Disclaimer… I don't own the characters, just the cute, fluffy plot….

Another drabble of one of my favorite couples

I hope you enjoy

HOME

"No, no, no way!!!"

"Awww, please??"

And then she batted her eyelashes, it was such a cliché movement, but still it worked like it was supposed to do, as always I was unable to deny her anything, I was not capable of such thing when we weren't together, when we foolishly denied our feelings, and certainly I was not capable now.

"uhhm,, yeah.. I ... Guess" I eyed her, how her eyes shone brightly at the prospect, how her cheeks flushed a little, and how her smile broadened.
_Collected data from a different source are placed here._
lemma measurable_G0:
  assumes "k \<le> m" "m \<le> n"
  shows "G0 M F \<xi> \<beta> k \<in> borel_measurable (F m)"
  unfolding G0_def
proof (intro borel_measurable_sum borel_measurable_add)
  fix i
  assume i: "i \<in> {1..k}"
  then have [measurable]: "\<xi> i \<in> borel_measurable (F m)"
    using assms by (intro measurable_\<xi>) auto
  show "(\<lambda>\<omega>. pos_part (\<xi> i \<omega>) powr \<beta>) \<in> borel_measurable (F m)"
    unfolding pos_part_def by measurable
  show "real_cond_exp M (F (i - 1)) (\<lambda>\<omega>. neg_part (\<xi> i \<omega>) powr \<beta>) \<in> borel_measurable (F m)"
    using i assms by (intro measurable_F_mono[OF _ _ borel_measurable_cond_exp]) auto
qed

definition exponential_process :: "real \<Rightarrow> nat \<Rightarrow> 'a \<Rightarrow> ennreal" where
  "exponential_process l k \<omega> =
     ennreal (exp (l * (\<Sum>i=1..k. \<xi> i \<omega>) - l powr \<beta> / \<beta> * G0 M F \<xi> \<beta> k \<omega>))"

lemma measurable_exponential_process:
  assumes "k \<le> n"
  shows "exponential_process l k \<in> borel_measurable (F k)"
proof -
  have [measurable]: "(\<lambda>\<omega>. \<Sum>i=1..k. \<xi> i \<omega>) \<in> borel_measurable (F k)"
      "G0 M F \<xi> \<beta> k \<in> borel_measurable (F k)"
    using measurable_partial_sum measurable_G0 assms by auto
  show ?thesis
    unfolding exponential_process_def by measurable
qed

lemma exponential_process_0: "exponential_process l 0 \<omega> = 1"
  by (simp add: exponential_process_def G0_def)

lemma exponential_process_Suc:
  "exponential_process l (Suc k) \<omega> = exponential_process l k \<omega> *
     ennreal (exp (l * \<xi> (Suc k) \<omega> - l powr \<beta> / \<beta> * (pos_part (\<xi> (Suc k) \<omega>) powr \<beta>
       + real_cond_exp M (F k) (\<lambda>\<omega>'. neg_part (\<xi> (Suc k) \<omega>') powr \<beta>) \<omega>)))"
  unfolding exponential_process_def G0_def
  by (simp add: ennreal_mult'[symmetric] exp_add[symmetric] algebra_simps)

lemma exponential_process_supermartingale:
  assumes l: "0 < l" and k: "k < n" and H[measurable]: "H \<in> borel_measurable (F k)"
  shows "(\<integral>\<^sup>+\<omega>. H \<omega> * exponential_process l (Suc k) \<omega> \<partial>M)
           \<le> (\<integral>\<^sup>+\<omega>. H \<omega> * exponential_process l k \<omega> \<partial>M)"
proof -
  interpret finite_measure_subalgebra M "F k"
    using k subalgebra_F by unfold_locales auto
  have [measurable]: "exponential_process l k \<in> borel_measurable (F k)"
    using k by (intro measurable_exponential_process) auto
  show ?thesis
    unfolding exponential_process_Suc mult.assoc[symmetric]
    using k \<beta>_gt_1 \<beta>_le_2 l
    by (intro nn_integral_exp_increment_le integrable_\<xi> integrable_moment)
      (auto intro: cond_exp_\<xi>_nonpos[of "Suc k", simplified])
qed

theorem maximal_exponential_bound:
  assumes l: "0 < l"
  shows "measure M {\<omega> \<in> space M. \<exists>k\<in>{1..n}.
            x \<le> (\<Sum>i=1..k. \<xi> i \<omega>) \<and> G0 M F \<xi> \<beta> k \<omega> \<le> w}
         \<le> exp (- (l * x - l powr \<beta> / \<beta> * w))"
proof -
  define \<theta> where "\<theta> = l * x - l powr \<beta> / \<beta> * w"
  define B where "B = {\<omega>\<in>space M. \<exists>k\<le>n. ennreal (exp \<theta>) \<le> exponential_process l k \<omega>}"
  interpret Z: nn_supermartingale M F n "exponential_process l"
    using l by unfold_locales (auto intro: measurable_exponential_process exponential_process_supermartingale)
  have "ennreal (exp \<theta>) * emeasure M B \<le> (\<integral>\<^sup>+\<omega>. exponential_process l 0 \<omega> \<partial>M)"
    unfolding B_def by (rule Z.maximal_ineq)
  then have "exp \<theta> * measure M B \<le> 1"
    by (simp add: exponential_process_0 emeasure_eq_measure prob_space ennreal_mult'[symmetric])
  then have B_bound: "measure M B \<le> exp (- \<theta>)"
    by (simp add: exp_minus field_simps)
  have "{\<omega> \<in> space M. \<exists>k\<in>{1..n}. x \<le> (\<Sum>i=1..k. \<xi> i \<omega>) \<and> G0 M F \<xi> \<beta> k \<omega> \<le> w} \<subseteq> B"
  proof safe
    fix \<omega> k
    assume "\<omega> \<in> space M" "k \<in> {1..n}" "x \<le> (\<Sum>i=1..k. \<xi> i \<omega>)" "G0 M F \<xi> \<beta> k \<omega> \<le> w"
    moreover have "0 \<le> l powr \<beta> / \<beta>"
      using \<beta>_gt_1 by simp
    ultimately have "\<theta> \<le> l * (\<Sum>i=1..k. \<xi> i \<omega>) - l powr \<beta> / \<beta> * G0 M F \<xi> \<beta> k \<omega>"
      unfolding \<theta>_def using l by (intro diff_mono mult_left_mono) auto
    then show "\<omega> \<in> B"
      unfolding B_def exponential_process_def using \<open>\<omega> \<in> space M\<close> \<open>k \<in> {1..n}\<close>
      by (auto intro!: ennreal_leI)
  qed
  then have "measure M {\<omega> \<in> space M. \<exists>k\<in>{1..n}.
      x \<le> (\<Sum>i=1..k. \<xi> i \<omega>) \<and> G0 M F \<xi> \<beta> k \<omega> \<le> w} \<le> measure M B"
    unfolding B_def by (intro finite_measure_mono Z.sets_exists_ge)
  then show ?thesis
    using B_bound unfolding \<theta>_def by linarith
qed

end

lemma C_const_le:
  assumes "1 < \<beta>"
  shows "C_const \<beta> \<le> 1 - 1 / \<beta>"
proof -
  have "\<beta> powr (1 / (1 - \<beta>)) \<le> \<beta> powr 0"
    using assms by (intro powr_mono) (auto simp: divide_nonpos_neg)
  then show ?thesis
    unfolding C_const_def using assms by (intro mult_left_le_one_le) auto
qed

text \<open>The value of l maximises \<lambda> \<mapsto> \<lambda> x - \<lambda>^\<beta> v^\<beta> / \<beta>.\<close>

lemma optimal_exponent:
  fixes \<beta> x v :: real
  assumes \<beta>: "1 < \<beta>" and x: "0 < x" and v: "0 < v"
  defines "l \<equiv> (x / v powr \<beta>) powr (1 / (\<beta> - 1))"
  shows "l * x - l powr \<beta> / \<beta> * v powr \<beta> = (1 - 1 / \<beta>) * (x / v) powr (\<beta> / (\<beta> - 1))"
proof -
  define p where "p = 1 / (\<beta> - 1)"
  define q where "q = x / v powr \<beta>"
  have p: "p * \<beta> = p + 1" "\<beta> * p = p + 1" "p + 1 = \<beta> / (\<beta> - 1)"
    unfolding p_def using \<beta> by (simp_all add: field_simps)
  have "0 < q"
    unfolding q_def using x v by simp
  then have "l powr \<beta> = l * q"
    unfolding l_def p_def[symmetric] q_def[symmetric] by (simp add: powr_powr p(1) powr_add)
  then have power: "l powr \<beta> * v powr \<beta> = l * x"
    unfolding q_def using v by simp
  have "l * x = x powr p / v powr (\<beta> * p) * x powr 1"
    unfolding l_def p_def[symmetric] using x v by (simp add: powr_divide powr_powr)
  also have "\<dots> = x powr (p + 1) / v powr (p + 1)"
    using x by (simp add: p(2) powr_add)
  also have "\<dots> = (x / v) powr (\<beta> / (\<beta> - 1))"
    using x v by (simp add: p(3) powr_divide)
  finally show ?thesis
    using power \<beta> by (simp add: field_simps)
qed
(* Let $0<\delta<1$. If $\beta+2\alpha<1$ and $s_N=o(N)$, then $$\mu_{N,\beta,\alpha}\big(|m_1|,\dots,|m_{s_N}|>\delta\big)\le\exp\Big\{-\Big(\tfrac{1-(\beta+2\alpha)}{2}-o(1)\Big)N\delta^2\Big\}=o(1).$$ At the critical temperature $\beta+2\alpha=1$ one has $$\mu_{N,\beta,\alpha}\big(|m_1|,\dots,|m_{s_N}|>\delta\big)\le\exp\Big\{-\Big(\tfrac{1}{12}-o(1)\Big)N\delta^4\Big\}.$$ Here $\{|m_1|,\dots,|m_{s_N}|>\delta\}$ is the event that $|m_k|>\delta$ for all $k=1,\dots,s_N$.
   Context: Parameters $\beta>2\alpha>0$. Let $(s_N)$ be a non-decreasing sequence of positive integers with $s_N$ dividing $N$; $\{1,\dots,N\}$ is partitioned into blocks $S_1,\dots,S_{s_N}$ of size $N/s_N$, block indices cyclic. For $\sigma\in\{-1,+1\}^N$, $m_k=\frac{s_N}{N}\sum_{i\in S_k}\sigma_i$, $m=(m_1,\dots,m_{s_N})$. $A=\beta I+\alpha(P+P^T)$ with $P$ the $s_N\times s_N$ cyclic shift matrix. The Gibbs measure is $\mu_{N,\beta,\alpha}(\sigma)=Z_{N,\beta,\alpha}^{-1}\exp\{\frac{N}{2s_N}m^TAm\}2^{-N}$ on $\{-1,+1\}^N$. *)

theory Defs
  imports "HOL-Analysis.Analysis" "HOL-Library.FuncSet"
begin

text \<open>Spin configurations on {0..<N} (the paper's {1..N}), values in {-1,+1}.\<close>
definition configs :: "nat \<Rightarrow> (nat \<Rightarrow> real) set" where
  "configs N = PiE {..<N} (\<lambda>_. {-1, 1})"

text \<open>Block k (0 \<le> k < s, the paper's S_(k+1)): consecutive indices of size N/s.\<close>
definition block :: "nat \<Rightarrow> nat \<Rightarrow> nat \<Rightarrow> nat set" where
  "block N s k = {k * (N div s) ..< Suc k * (N div s)}"

definition blockmag :: "nat \<Rightarrow> nat \<Rightarrow> (nat \<Rightarrow> real) \<Rightarrow> nat \<Rightarrow> real" where
  "blockmag N s \<sigma> k = real s / real N * (\<Sum>i\<in>block N s k. \<sigma> i)"

definition shiftP :: "nat \<Rightarrow> nat \<Rightarrow> nat \<Rightarrow> real" where
  "shiftP s i j = (if j = (i + 1) mod s then 1 else 0)"

definition interA :: "real \<Rightarrow> real \<Rightarrow> nat \<Rightarrow> nat \<Rightarrow> nat \<Rightarrow> real" where
  "interA \<beta> \<alpha> s i j = \<beta> * (if i = j then 1 else 0) + \<alpha> * (shiftP s i j + shiftP s j i)"

definition energy :: "nat \<Rightarrow> nat \<Rightarrow> real \<Rightarrow> real \<Rightarrow> (nat \<Rightarrow> real) \<Rightarrow> real" where
  "energy N s \<beta> \<alpha> \<sigma> = real N / (2 * real s) *
     (\<Sum>i<s. \<Sum>j<s. blockmag N s \<sigma> i * interA \<beta> \<alpha> s i j * blockmag N s \<sigma> j)"

definition gibbs_weight :: "nat \<Rightarrow> nat \<Rightarrow> real \<Rightarrow> real \<Rightarrow> (nat \<Rightarrow> real) \<Rightarrow> real" where
  "gibbs_weight N s \<beta> \<alpha> \<sigma> = exp (energy N s \<beta> \<alpha> \<sigma>) * (1/2) ^ N"

definition partition_fn :: "nat \<Rightarrow> nat \<Rightarrow> real \<Rightarrow> real \<Rightarrow> real" where
  "partition_fn N s \<beta> \<alpha> = (\<Sum>\<sigma>\<in>configs N. gibbs_weight N s \<beta> \<alpha> \<sigma>)"

definition gibbs :: "nat \<Rightarrow> nat \<Rightarrow> real \<Rightarrow> real \<Rightarrow> (nat \<Rightarrow> real) set \<Rightarrow> real" where
  "gibbs N s \<beta> \<alpha> E = (\<Sum>\<sigma>\<in>E \<inter> configs N. gibbs_weight N s \<beta> \<alpha> \<sigma>) / partition_fn N s \<beta> \<alpha>"

definition all_large :: "nat \<Rightarrow> nat \<Rightarrow> real \<Rightarrow> (nat \<Rightarrow> real) set" where
  "all_large N s \<delta> = {\<sigma> \<in> configs N. \<forall>k<s. \<bar>blockmag N s \<sigma> k\<bar> > \<delta>}"

end

theory Submission
  imports Defs "HOL-Real_Asymp.Real_Asymp"
begin

(* Since beta >= 2 alpha >= 0, the cyclic estimate |sum_k m_k m_(k+1)| <= sum_k m_k^2 gives
   0 <= m^T A m <= (beta + 2 alpha) |m|^2: the lower bound makes the partition function at least 1,
   the upper bound lets the Gibbs weight factorise over the blocks.  Each block sum S_k = (N/s) m_k
   is an integer j with delta N/s < |j| <= N/s; summing over these values and tilting block k by
   exp (t_j (S_k - j)), which is 1 when S_k = j, the blocks become independent under the uniform
   measure, each contributing cosh(t_j)^(N/s).  The Chernoff bound
   cosh t <= exp (t x - x^2/2 - x^4/12) for |x| <= 1, a consequence of the entropy inequality
   (1+x) ln (1+x) + (1-x) ln (1-x) >= x^2 + x^4/6, leaves exp (-(N/s) ((1-beta-2alpha) x^2/2 + x^4/12))
   per value, and the at most 2N/s + 1 values per block cost only a factor exp (o(N)) as s = o(N). *)

lemma ln_one_plus_minus_ln_one_minus_ge:
  fixes x :: real assumes "0 \<le> x" "x < 1"
  shows "2*x + 2*x^3/3 \<le> ln (1+x) - ln (1-x)"
proof -
  let ?G = "\<lambda>t::real. ln (1+t) - ln (1-t) - 2*t - 2*t^3/3"
  have "?G 0 \<le> ?G x"
  proof (rule DERIV_nonneg_imp_nondecreasing[OF assms(1)])
    fix t :: real assume t: "0 \<le> t" "t \<le> x"
    with assms have "t < 1" by simp
    then have "DERIV ?G t :> 1/(1+t) + 1/(1-t) - 2 - 2*t^2"
      using t by (auto intro!: derivative_eq_intros)
    moreover have "2 + 2*t^2 \<le> 1/(1+t) + 1/(1-t)"
    proof -
      have "0 < 1 - t^2" using \<open>t < 1\<close> t(1) by (simp add: power_less_one_iff)
      moreover have "(2 + 2*t^2) * (1-t^2) \<le> 2" by (simp add: algebra_simps)
      ultimately have "2 + 2*t^2 \<le> 2/(1-t^2)" by (simp add: pos_le_divide_eq)
      also have "\<dots> = 1/(1+t) + 1/(1-t)"
        using t \<open>t < 1\<close> by (simp add: field_simps power2_eq_square)
      finally show ?thesis .
    qed
    ultimately show "\<exists>y. DERIV ?G t :> y \<and> 0 \<le> y" by auto
  qed
  then show ?thesis by simp
qed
"Thank you!!" she threw her arms around my neck, with so much force she sent us both falling from my precarious sitting position in one of arms of the couch, and then I didn't mind much, her body flush atop of mine, her ragged, excited breath tingling my neck. I laughed at her outburst, it was still new, we weren't often like that, not really demonstrative, and she looked up at the sound, her smile softened, and the shining light in her eyes changed slightly, I was awestruck, I still couldn't believe she could look at me that way, in love, really, and pretty much in love, my arms were around her waist and I embraced her a little tighter, she understood, I think, because she detangled her hands, and with one she caressed my cheek, I leaned to her soft welcoming warmth. My eyes drifted close and my head moved toward hers, my lips seeking hers; it didn't take long to find them, her full mouth moved softly against mine, in a kiss full of promise, understanding, love and mischief. She stood up quickly, breaking the kiss to soon for my liking and I grunted, she giggled at my expression, and the sound lighted the whole room.

She was bouncing in the balls of her feet, like a little girl, waiting to open her Christmas presents, and well, it wasn't far from it. You see she asked me to teach her how to swim again, and thought it was a recipe to disaster, I agreed. "C'mon Ranma, I want to get there early enough" I groaned, she giggled again.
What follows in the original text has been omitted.